Synthesis of single-crystal-like nanoporous carbon membranes and their application in overall water splitting

• Published in: Nature communications Vol. 8; no. 1; pp. 13592 - 9
• Main Authors: Wang, Hong, Min, Shixiong, Ma, Chun, Liu, Zhixiong, Zhang, Weiyi, Wang, Qiang, Li, Debao, Li, Yangyang, Turner, Stuart, Han, Yu, Zhu, Haibo, Abou-hamad, Edy, Hedhili, Mohamed Nejib, Pan, Jun, Yu, Weili, Huang, Kuo-Wei, Li, Lain-Jong, Yuan, Jiayin, Antonietti, Markus, Wu, Tom
• Format: Journal Article
• Language: English
• Published: London Nature Publishing Group UK 04.01.2017; Nature Publishing Group; Nature Portfolio
• Subjects: 639/301/299/1013; 639/301/299/886; Carbon; Catalysis; Cobalt; Environmental cleanup; Humanities and Social Sciences; Membranes; Morphology; multidisciplinary; Nanoparticles; Nanotechnology; Nitrogen; Polymers; Pore size; Science; Science (multidisciplinary); Saudi Arabia
• ISSN: 2041-1723; 2041-1723
• DOI: 10.1038/ncomms13592

Nanoporous graphitic carbon membranes with defined chemical composition and pore architecture are novel nanomaterials that are actively pursued. Compared with easy-to-make porous carbon powders that dominate the porous carbon research and applications in energy generation/conversion and environmental remediation, porous carbon membranes are synthetically more challenging though rather appealing from an application perspective due to their structural integrity, interconnectivity and purity.
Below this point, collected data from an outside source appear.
lemma antiperiodic_piecewise_continuous_Z:
  assumes "antiperiodic g" "continuous_on {0..1} h" "\<And>x. x \<in> {0..<1} \<Longrightarrow> g x = h x"
  shows "piecewise_continuous_Z g"
  unfolding piecewise_continuous_Z_def
proof
  fix k :: int
  have "continuous_on {of_int k..of_int k + 1} (\<lambda>y. h (y - of_int k))"
    by (rule continuous_on_compose2[OF assms(2)]) (auto intro!: continuous_intros)
  then have "continuous_on {of_int k..of_int k + 1} (\<lambda>y. (if even k then 1 else -1) * h (y - of_int k))"
    by (intro continuous_intros)
  moreover have "g y = (if even k then 1 else -1) * h (y - of_int k)" if "y \<in> {of_int k..<of_int k + 1}" for y
    using antiperiodic_add_of_int[OF assms(1), of "y - of_int k" k] assms(3)[of "y - of_int k"] that by auto
  ultimately show "\<exists>h. continuous_on {of_int k..of_int k + 1} h \<and> (\<forall>x\<in>{of_int k..<of_int k + 1}. g x = h x)"
    by blast
qed

lemma monotone_intv_cmult:
  assumes "monotone_intv S f" shows "monotone_intv S (\<lambda>x. c * f x)"
  using assms unfolding monotone_intv_def monotone_on_def
  by (smt (verit) mult_left_mono mult_left_mono_neg)

lemma antiperiodic_monotone_intv_shift:
  assumes "antiperiodic g" "monotone_intv {a..<a + 1} g"
  shows "monotone_intv {a + of_int k..<a + of_int k + 1} g"
proof -
  let ?T = "{a + of_int k..<a + of_int k + 1}"
  have "mono_on ?T (\<lambda>x. x - of_int k)" by (auto intro: mono_onI)
  moreover have "(\<lambda>x. x - of_int k) ` ?T \<subseteq> {a..<a + 1}" by auto
  ultimately have "monotone_intv ?T (g \<circ> (\<lambda>x. x - of_int k))"
    using assms(2) unfolding monotone_intv_def by (metis monotone_on_o)
  then have "monotone_intv ?T (\<lambda>x. (if even k then 1 else -1) * g (x - of_int k))"
    unfolding o_def by (rule monotone_intv_cmult)
  moreover have "(\<lambda>x. (if even k then 1 else -1) * g (x - of_int k)) = g"
  proof (rule ext)
    fix x show "(if even k then 1 else -1) * g (x - of_int k) = g x"
      using antiperiodic_add_of_int[OF assms(1), of "x - of_int k" k] by simp
  qed
  ultimately show ?thesis by simp
qed

lemma mono_on_sign_change:
  fixes k :: "real \<Rightarrow> real"
  assumes "continuous_on {a..b} k" "mono_on {a..b} k" "a \<le> b"
  obtains r where "r \<in> {a..b}" "\<And>x. x \<in> {r..<b} \<Longrightarrow> 0 \<le> k x" "\<And>x. x \<in> {a..<r} \<Longrightarrow> k x \<le> 0"
proof (cases "0 \<le> k a")
  case True
  have "0 \<le> k x" if "x \<in> {a..<b}" for x
    using True mono_onD[OF assms(2), of a x] that by auto
  then show ?thesis using assms(3) by (intro that[of a]) auto
next
  case ka: False
  show ?thesis
  proof (cases "k b \<le> 0")
    case True
    have "k x \<le> 0" if "x \<in> {a..<b}" for x
      using True mono_onD[OF assms(2), of x b] that by auto
    then show ?thesis using assms(3) by (intro that[of b]) auto
  next
    case False
    then obtain r where r: "r \<in> {a..b}" "k r = 0"
      using IVT'[of k a 0 b, OF _ _ assms(3,1)] ka by force
    have "0 \<le> k x" if "x \<in> {r..<b}" for x
      using r mono_onD[OF assms(2), of r x] that by auto
    moreover have "k x \<le> 0" if "x \<in> {a..<r}" for x
      using r mono_onD[OF assms(2), of x r] that by auto
    ultimately show ?thesis using r(1) by (intro that[of r])
  qed
qed

text \<open>If \<open>h\<close> has the sign of \<open>k\<close> and \<open>k\<close> changes sign at \<open>r\<close>, then antiperiodicity makes \<open>h\<close>
  nonnegative on \<open>[r, r + 1)\<close>.\<close>
lemma antiperiodic_nonneg_on_unit_interval_mono:
  assumes "antiperiodic h" "continuous_on {a..a + 1} k" "mono_on {a..a + 1} k"
    "\<And>x. x \<in> {a..<a + 1} \<Longrightarrow> \<exists>w>0. h x = w * k x"
  shows "\<exists>b. \<forall>x\<in>{b..<b + 1}. 0 \<le> h x"
proof -
  obtain r where r: "r \<in> {a..a + 1}" "\<And>x. x \<in> {r..<a + 1} \<Longrightarrow> 0 \<le> k x"
    "\<And>x. x \<in> {a..<r} \<Longrightarrow> k x \<le> 0"
    using mono_on_sign_change[OF assms(2,3)] by auto
  have "0 \<le> h x" if x: "x \<in> {r..<r + 1}" for x
  proof (cases "x < a + 1")
    case True
    then obtain w where "w > 0" "h x = w * k x" using assms(4)[of x] r(1) x by auto
    then show ?thesis using r(2)[of x] True x by simp
  next
    case False
    then obtain w where "w > 0" "h (x - 1) = w * k (x - 1)" using assms(4)[of "x - 1"] r(1) x by auto
    moreover have "k (x - 1) \<le> 0" using r(3)[of "x - 1"] False x by auto
    ultimately show ?thesis
      using antiperiodic_diff_one[OF assms(1), of x] mult_nonneg_nonpos[of w "k (x - 1)"] by simp
  qed
  then show ?thesis by blast
qed

lemma antiperiodic_nonneg_on_unit_interval:
  assumes "antiperiodic h" "continuous_on {a..a + 1} k" "monotone_intv {a..a + 1} k"
    "\<And>x. x \<in> {a..<a + 1} \<Longrightarrow> \<exists>w>0. h x = w * k x"
  shows "\<exists>b. \<forall>x\<in>{b..<b + 1}. 0 \<le> h x"
  using assms(3) unfolding monotone_intv_def
proof
  assume "mono_on {a..a + 1} k"
  then show ?thesis using antiperiodic_nonneg_on_unit_interval_mono assms by blast
next
  assume "antimono_on {a..a + 1} k"
  then have "mono_on {a..a + 1} (\<lambda>x. - k x)"
    by (auto intro!: mono_onI dest: monotone_onD)
  moreover have "antiperiodic (\<lambda>x. - h x)" using assms(1) unfolding antiperiodic_def by simp
  moreover have "continuous_on {a..a + 1} (\<lambda>x. - k x)" using assms(2) by (intro continuous_intros)
  ultimately obtain b where b: "\<forall>x\<in>{b..<b + 1}. 0 \<le> - h x"
    using antiperiodic_nonneg_on_unit_interval_mono[of "\<lambda>x. - h x" a "\<lambda>x. - k x"] assms(4) by force
  have "0 \<le> h x" if "x \<in> {b + 1..<b + 1 + 1}" for x
  proof -
    have "0 \<le> - h (x - 1)" using b that by auto
    then show ?thesis using antiperiodic_diff_one[OF assms(1), of x] by simp
  qed
  then show ?thesis by blast
qed

lemma mono_on_if_nonneg_density:
  assumes "is_indefinite_integral F h" "\<And>a b. h integrable_on {a..b}" "\<And>x. x \<in> S \<Longrightarrow> 0 \<le> h x"
    "is_interval S"
  shows "mono_on S F"
proof (rule mono_onI)
  fix r t assume rt: "r \<in> S" "t \<in> S" "r \<le> t"
  have "{r..t} \<subseteq> S" using assms(4) rt unfolding is_interval_1 by (meson atLeastAtMost_iff subsetI)
  then have "0 \<le> integral {r..t} h" using assms(2,3) by (intro integral_nonneg) auto
  then show "F r \<le> F t" using is_indefinite_integralD[OF assms(1) rt(3)] by simp
qed

lemma mono_on_Icc_if_mono_on_Ico:
  fixes f :: "real \<Rightarrow> real"
  assumes "continuous_on {a..b} f" "mono_on {a..<b} f"
  shows "mono_on {a..b} f"
proof (rule mono_onI)
  fix x y assume xy: "x \<in> {a..b}" "y \<in> {a..b}" "x \<le> y"
  show "f x \<le> f y"
  proof (cases "y < b \<or> x = y")
    case True
    then show ?thesis using xy mono_onD[OF assms(2), of x y] by auto
  next
    case False
    then have "y = b" "x < b" using xy by auto
    have "a < b" using \<open>x < b\<close> xy(1) by simp
    then have "(f \<longlongrightarrow> f b) (at_left b)" by (rule continuous_on_Icc_at_leftD[OF assms(1)])
    moreover have "\<forall>\<^sub>F z in at_left b. f x \<le> f z"
      using eventually_at_left_real[OF \<open>x < b\<close>]
      by eventually_elim (use xy mono_onD[OF assms(2), of x] in auto)
    ultimately show ?thesis
      using \<open>y = b\<close> by (auto intro: tendsto_lowerbound)
  qed
qed

section \<open>Convolution with an exponential window\<close>

definition conv_echi :: "real \<Rightarrow> (real \<Rightarrow> real) \<Rightarrow> real \<Rightarrow> real" where
  "conv_echi l g x = integral {0..1} (\<lambda>t. exp (l * t) * g (x - t))"

lemma integral_reflect_unit:
  fixes F :: "real \<Rightarrow> real"
  shows "integral {0..1} (\<lambda>t. F (x - t)) = integral {x - 1..x} F"
proof -
  have "integral {0..1} (\<lambda>t. F (x - t)) = integral {-0..-(-1)} (\<lambda>t. (F \<circ> (+) x) (-t))" by simp
  also have "\<dots> = integral {-1..0} (F \<circ> (+) x)"
    by (rule Henstock_Kurzweil_Integration.integral_reflect_real)
  also have "\<dots> = integral {-1 + x..0 + x} F" by (rule integral_shift_Icc_real)
  finally show ?thesis by simp
qed

lemma integrable_reflect_unit:
  fixes F :: "real \<Rightarrow> real"
  assumes "F integrable_on {x - 1..x}"
  shows "(\<lambda>t. F (x - t)) integrable_on {0..1}"
proof -
  have "(F \<circ> (+) x) integrable_on {-1..0}"
    using assms integrable_on_shift_Icc_real[of F x "-1" 0] by simp
  then have "(\<lambda>t. (F \<circ> (+) x) (-t)) integrable_on {-0..-(-1)}"
    by (rule Henstock_Kurzweil_Integration.integrable_reflect_real[THEN iffD2])
  then show ?thesis by simp
qed

lemma exp_shift: "exp (- l * (x - t)) * exp (l * x) = exp (l * t :: real)"
  by (simp add: mult_exp_exp algebra_simps)

lemma conv_echi_integrable:
  assumes "piecewise_continuous_Z g"
  shows "(\<lambda>t. exp (l * t) * g (x - t)) integrable_on {0..1}"
proof -
  have "(\<lambda>u. exp (- l * u) * g u) integrable_on {x - 1..x}"
    by (rule piecewise_continuous_Z_integrable[OF piecewise_continuous_Z_exp_mult[OF assms]])
  then have "(\<lambda>t. exp (- l * (x - t)) * g (x - t) * exp (l * x)) integrable_on {0..1}"
    by (intro integrable_on_mult_left integrable_reflect_unit)
  then show ?thesis by (subst exp_shift[of l x, symmetric]) (simp add: ac_simps)
qed

lemma conv_echi_window:
  "conv_echi l g x = exp (l * x) * integral {x - 1..x} (\<lambda>u. exp (- l * u) * g u)"
proof -
  have "conv_echi l g x = integral {0..1} (\<lambda>t. exp (- l * (x - t)) * g (x - t)) * exp (l * x)"
    unfolding conv_echi_def by (subst exp_shift[of l x, symmetric]) (simp add: ac_simps)
  then show ?thesis using integral_reflect_unit[of "\<lambda>u. exp (- l * u) * g u" x] by simp
qed

lemma conv_echi_linear:
  assumes "piecewise_continuous_Z f" "piecewise_continuous_Z g"
  shows "conv_echi l (\<lambda>u. a * f u + b * g u) x = a * conv_echi l f x + b * conv_echi l g x"
proof -
  have "conv_echi l (\<lambda>u. a * f u + b * g u) x =
      integral {0..1} (\<lambda>t. a * (exp (l * t) * f (x - t)) + b * (exp (l * t) * g (x - t)))"
    unfolding conv_echi_def by (simp add: algebra_simps)
  also have "\<dots> = a * conv_echi l f x + b * conv_echi l g x"
    unfolding conv_echi_def using conv_echi_integrable[OF assms(1)] conv_echi_integrable[OF assms(2)]
    by (simp add: integral_add integrable_on_mult_right)
  finally show ?thesis .
qed

lemma isCont_integral_unit_window:
  fixes F :: "real \<Rightarrow> real"
  assumes "\<And>a b. F integrable_on {a..b}" shows "isCont (\<lambda>x. integral {x - 1..x} F) x0"
proof -
  define A where "A = x0 - 2"
  have c: "continuous_on {A..x0 + 1} (\<lambda>x. integral {A..x} F)"
    by (rule indefinite_integral_continuous_1[OF assms])
  have "continuous_on {x0 - 1..x0 + 1} (\<lambda>x. integral {A..x - 1} F)"
    by (rule continuous_on_compose2[OF c]) (auto intro!: continuous_intros simp: A_def)
  moreover have "continuous_on {x0 - 1..x0 + 1} (\<lambda>x. integral {A..x} F)"
    by (rule continuous_on_subset[OF c]) (auto simp: A_def)
  ultimately have "continuous_on {x0 - 1..x0 + 1} (\<lambda>x. integral {A..x} F - integral {A..x - 1} F)"
    by (intro continuous_intros)
  moreover have "integral {A..x} F - integral {A..x - 1} F = integral {x - 1..x} F"
    if "x \<in> {x0 - 1..x0 + 1}" for x
    using Henstock_Kurzweil_Integration.integral_combine[of A "x - 1" x F] assms that
    by (simp add: A_def)
  ultimately have "continuous_on {x0 - 1..x0 + 1} (\<lambda>x. integral {x - 1..x} F)"
    by (rule continuous_on_eq)
  then show ?thesis by (rule continuous_on_interior) auto
qed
Here we report a simple bottom–up approach to fabricate large-size, freestanding and porous carbon membranes that feature an unusual single-crystal-like graphitic order and hierarchical pore architecture plus favourable nitrogen doping. When loaded with cobalt nanoparticles, such carbon membranes serve as high-performance carbon-based non-noble metal electrocatalyst for overall water splitting. Hierarchical, nanoporous graphitic membranes are synthetically challenging yet attractive materials, due to their structural integrity. Here, the authors fabricate freestanding, porous carbon membranes with single-crystal-like graphitic order which serve as water splitting electrocatalysts upon cobalt doping.